Um die Aussagekraft des Waldmonitorings zu stärken und zu einem transparenten Instrument der Risikoanalyse weiterzuentwickeln, sollen flächenbezogene Aussagen ermöglicht, die Vernetzung möglichst vieler Elemente des forstlichen Monitorings gewährleistet und die Bereitstellung von Informationen z. B. infolge von Waldschäden beschleunigt werden.
Weiterhin empfiehlt der wissenschaftliche Beirat, die Forschungskapazitäten neu auszurichten und besser zu vernetzen. Dazu gehören die Förderung langfristiger Forschungsvorhaben, koordinierte Experimente und Modellentwicklungen über Bundesländer und Einrichtungen hinweg sowie ein besserer Austausch von Daten und deren gemeinsame Analyse. Der rasch voranschreitende Klimawandel erfordere Forschungsansätze, die auf eine schnelle Umsetzung der Ergebnisse in die Praxis ausgelegt sind, so die Gutachter.

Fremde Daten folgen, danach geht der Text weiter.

lemma linear_extension_quotient_rel:
  assumes \<gamma>: "quasiorder_on A \<gamma>" and P: "total_preorder_on A P" "\<gamma> \<subseteq> P" "P \<inter> P\<inverse> \<subseteq> \<gamma>"
  shows "linear_extension (A // (\<gamma> \<inter> \<gamma>\<inverse>)) (induced_order A \<gamma>) (quotient_rel \<gamma> P)"
proof -
  have P_on: "P \<subseteq> A \<times> A" "trans P" and P_total: "\<forall>a\<in>A. \<forall>b\<in>A. (a, b) \<in> P \<or> (b, a) \<in> P"
    using P(1) unfolding total_preorder_on_def by auto
  have "\<forall>X\<in>A // (\<gamma> \<inter> \<gamma>\<inverse>). \<forall>Y\<in>A // (\<gamma> \<inter> \<gamma>\<inverse>). (X, Y) \<in> quotient_rel \<gamma> P \<or> (Y, X) \<in> quotient_rel \<gamma> P"
    using P_total unfolding quotient_rel_def quotient_def by blast
  then have "linear_order_on' (A // (\<gamma> \<inter> \<gamma>\<inverse>)) (quotient_rel \<gamma> P)"
    using partial_order_quotient_rel[OF \<gamma> P_on P(2,3)] unfolding linear_order_on'_def by blast
  moreover have "induced_order A \<gamma> \<subseteq> quotient_rel \<gamma> P"
    using P(2) unfolding induced_order_eq_quotient_rel[OF \<gamma>] quotient_rel_def by blast
  ultimately show ?thesis
    unfolding linear_extension_def by blast
qed

lemma ex_total_preorder_extension:
  assumes \<gamma>: "quasiorder_on A \<gamma>"
  shows "\<exists>U. total_preorder_on A U \<and> \<gamma> \<subseteq> U \<and> U \<inter> U\<inverse> \<subseteq> \<gamma>"
proof -
  have "\<gamma> \<subseteq> A \<times> A" "trans \<gamma>"
    using \<gamma> unfolding quasiorder_on_def by auto
  then obtain L where L: "linear_order_on' (A // (\<gamma> \<inter> \<gamma>\<inverse>)) L" "quotient_rel \<gamma> \<gamma> \<subseteq> L"
    using szpilrajn_extension[OF partial_order_quotient_rel[OF \<gamma>]] by blast
  define U where "U = {(a, b). a \<in> A \<and> b \<in> A \<and> ((\<gamma> \<inter> \<gamma>\<inverse>) `` {a}, (\<gamma> \<inter> \<gamma>\<inverse>) `` {b}) \<in> L}"
  have "total_preorder_on A U"
    using L(1) unfolding U_def linear_order_on'_def total_preorder_on_def trans_def
    by (blast intro: quotientI)
  moreover have "\<gamma> \<subseteq> U"
    using L(2) \<open>\<gamma> \<subseteq> A \<times> A\<close> unfolding U_def quotient_rel_def by blast
  moreover have "U \<inter> U\<inverse> \<subseteq> \<gamma>"
  proof (rule subsetI, clarify)
    fix a b assume "(a, b) \<in> U" "(b, a) \<in> U"
    then have "a \<in> A" "b \<in> A" "(\<gamma> \<inter> \<gamma>\<inverse>) `` {a} = (\<gamma> \<inter> \<gamma>\<inverse>) `` {b}"
      using L(1) unfolding U_def linear_order_on'_def antisym_def by auto
    then show "(a, b) \<in> \<gamma>"
      using Int_converse_class_eq_iff[OF \<gamma>] by blast
  qed
  ultimately show ?thesis
    by blast
qed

Zudem spricht sich der Beirat für Änderungen in der Aus- und Weiterbildung und in den Kommunikationsstrategien sowie für die Beseitigung von Anpassungshemmnissen und -konflikten in diesen Bereichen aus, um den umfassenden Transformationsprozess zu befördern.
Das Gutachten des wissenschaftlichen Beirates Waldpolitik „Die Anpassung von Wäldern und Waldwirtschaft an den Klimawandel“ vom Oktober 2021 ist hier zum Download verfügbar:
https://www.bmel.de/SharedDocs/Downloads/DE/_Ministerium/Beiraete/waldpolitik/
gutachten-wbw-anpassung-klimawandel.html;jsessionid=92CE216FEB54578CF9D109522E02D39C.live842
Hintergrund:
Der Wissenschaftliche Beirat für Waldpolitik (WBW) berät und unterstützt die Bundesregierung bei der Gestaltung der Rahmenbedingungen für eine nachhaltige Bewirtschaftung der Wälder. Der Beirat ist mit Vertretern verschiedener wissenschaftlicher Fachdisziplinen besetzt, die die gesellschaftlichen Anforderungen an den Wald widerspiegeln. Der Beirat prüft die Ziele und Grundsätze der nationalen und internationalen Waldpolitik. Er unterbreitet Vorschläge für die Weiterentwicklung der waldpolitischen Rahmenbedingungen und der Instrumente zur Umsetzung der Waldstrategie 2020 der Bundesregierung. Darüber hinaus bemüht er sich um einen Ausgleich zwischen den verschiedenen gesellschaftlichen Ansprüchen an den Wald und fördert den wissenschaftlichen Diskurs über eine nachhaltige, multifunktionale Bewirtschaftung der Wälder.